From Mises Wiki, the global repository of classical-liberal thought
Jump to: navigation, search

Deontological ethics is just an internally consistent and empirically validated system of rules that allows us to accurately predict whether a given action will produce good or bad results in the long run and big picture. There is no conflict between deontological and consequentialist approaches, except when the consequentialist is pursuing a short-term or small-picture objective. Leucosticte (talk) 01:09, 20 January 2014 (EST)

I also think of it as analogous to a mathematical summation or series function that converges on the perfect consequentialist conclusion as the number of factors considered in the context approaches infinity. The summation/series function allows it to be calculated without having to actually process an infinite number of factors.
I would say "My brain hurts after reading that" but I think that the grey matter only perceived the "WHOOSH" as it went over my head. Leucosticte (talk) 01:09, 20 January 2014 (EST)
Utilitarian calculation is even more mythical than socialistic calculation. Kant is the original deontologist. Deontology is necessarily duty, for that is what the root means. Can you cite for me a single branch of deontology that does not appeal to duty, lol? How does coming to the same conclusion as utilitarian calculation remove duty from deontology?
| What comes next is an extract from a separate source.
(* With the notation below, the map $\psi\colon L_{\mathbb{R}}\to\mathbb{Z}^6$ defined by $\psi(\iota_{\mathbb{R}}(\bm q))=\lceil(\gamma(\bm q),-\gamma(\bm q))\rceil$ (componentwise ceiling) for all $\bm q\in\mathbb{R}^2$ is a compatible $\mathbb{Z}^6$-stratification of $L_{\mathbb{R}}$ with the cell structure described below.
   Context: Let $L\subseteq\mathbb{Z}^6$ be the lattice generated by $(1,-1,0,-1,1,0)$ and $(0,-1,1,0,1,-1)$ (the lattice of the diagonal embedding $\mathbb{P}^2\to\mathbb{P}^2\times\mathbb{P}^2$), $\iota\colon\mathbb{Z}^2\to L$ the isomorphism sending the standard basis to these generators, $\iota_{\mathbb{R}}\colon\mathbb{R}^2\to\mathbb{R}^6$ its linear extension, with image $L_{\mathbb{R}}=L\otimes\mathbb{R}$. Let $\mathcal S\subseteq\mathbb{R}^3$ (the staircase surface) be the closure of $\{\bm p\in\mathbb{R}^3:\lceil p_1\rceil+\lceil p_2\rceil+\lceil p_3\rceil=0$ and at least one $p_i\in\mathbb{Z}\}$, with the polyhedral cell structure given by its intersection with the periodic arrangement of hyperplanes $\{p_i=j\}$, $i=1,2,3$, $j\in\mathbb{Z}$ (maximal cells are unit squares). Define $\gamma\colon\mathbb{R}^2\to\mathcal S$ by sending $\bm q=(q_1,q_2)$ to $(q_1,-q_1-q_2,q_2)\in\mathbb{R}^3$ and then projecting onto $\mathcal S$ along the direction $(1,1,1)$ (i.e., $\gamma(\bm q)$ is the point of $\mathcal S$ on the line $(q_1,-q_1-q_2,q_2)+\mathbb{R}(1,1,1)$); $\gamma$ is a homeomorphism, and $\iota(\bm u)=(\gamma(\bm u),-\gamma(\bm u))$ for $\bm u\in\mathbb{Z}^2$. The cell structure on $L_{\mathbb{R}}$ is the one transported from $\mathcal S$ via the homeomorphism $\iota_{\mathbb{R}}\circ\gamma^{-1}$ (equivalently, projecting $\mathcal S$ along $(1,1,1)$); it is $L$-equivariant. Give $\mathbb{Z}^6$ the componentwise order and Alexandrov topology (open = up-closed). A compatible $\mathbb{Z}^6$-stratification is a continuous map $\psi\colon L_{\mathbb{R}}\to\mathbb{Z}^6$, constant on each open cell, with $\psi(\bm p+\bm v)=\psi(\bm p)+\bm v$ for all $\bm p\in L_{\mathbb{R}}$, $\bm v\in L$. *)

theory Defs
  imports "HOL-Analysis.Analysis"
begin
"Utilitarian calculation is even more mythical than socialistic calculation." They're about the same. How do you define duty? I'm using it in the sense of doing something out of an obligation to something other than your own self-interest. If you could make the mythical "perfect" utilitarian calculation of what particular actions are in your own best interests, those acts would not be a duty. Nathan's and my view of deontology is that it - if done correctly - arrives at the conclusion that perfect calculation would if it wasn't mythical, and so the actions it prescribes are not duties. Whatever the derivation of the word, conceptually it is only seen as prescribing duties because almost all deontological frameworks prescribe actions that are, at worst, opposed to your best interests, or at best are opposed to what your best interests appear to be when looking at a short time horizon.
@Adrian, I think our disconnect is in the precise definition of deontology. Rand's ethics are essentially deontological (despite her protestations against it) with value as one of the inputs. This is, in my view, enough to eliminate the notion of duty from deontology. Other deontologies, such as those of Kant and religious ethics, do take individual value out of the mix entirely. If you want to say that doing so, retaining duty, is essential to deontology, then fine, I accept your (and her) rejection of the term, but then we need a term for a prescriptive a-priori ethics sans duty. Maybe there is one, I'm not sure. Is objectivism the only example?
I agree about the evil of duty, and I agree that consequentialist calculation is impossible. Rand's "the moral is the practical" says that moral conclusions will be what consequentialist calculation would arrive at if we could evaluate the infinite number of facts, interactions. and relationships, including those created in the future by free will. Obviously that is impossible, which is why any realistic approach to consequentialism does indeed open the door to (nearly) any arbitrary conclusion. The alternative, then, that one should do the moral thing, even if it *appears* to be the less practical thing, seems to me to be a basically deontological approach.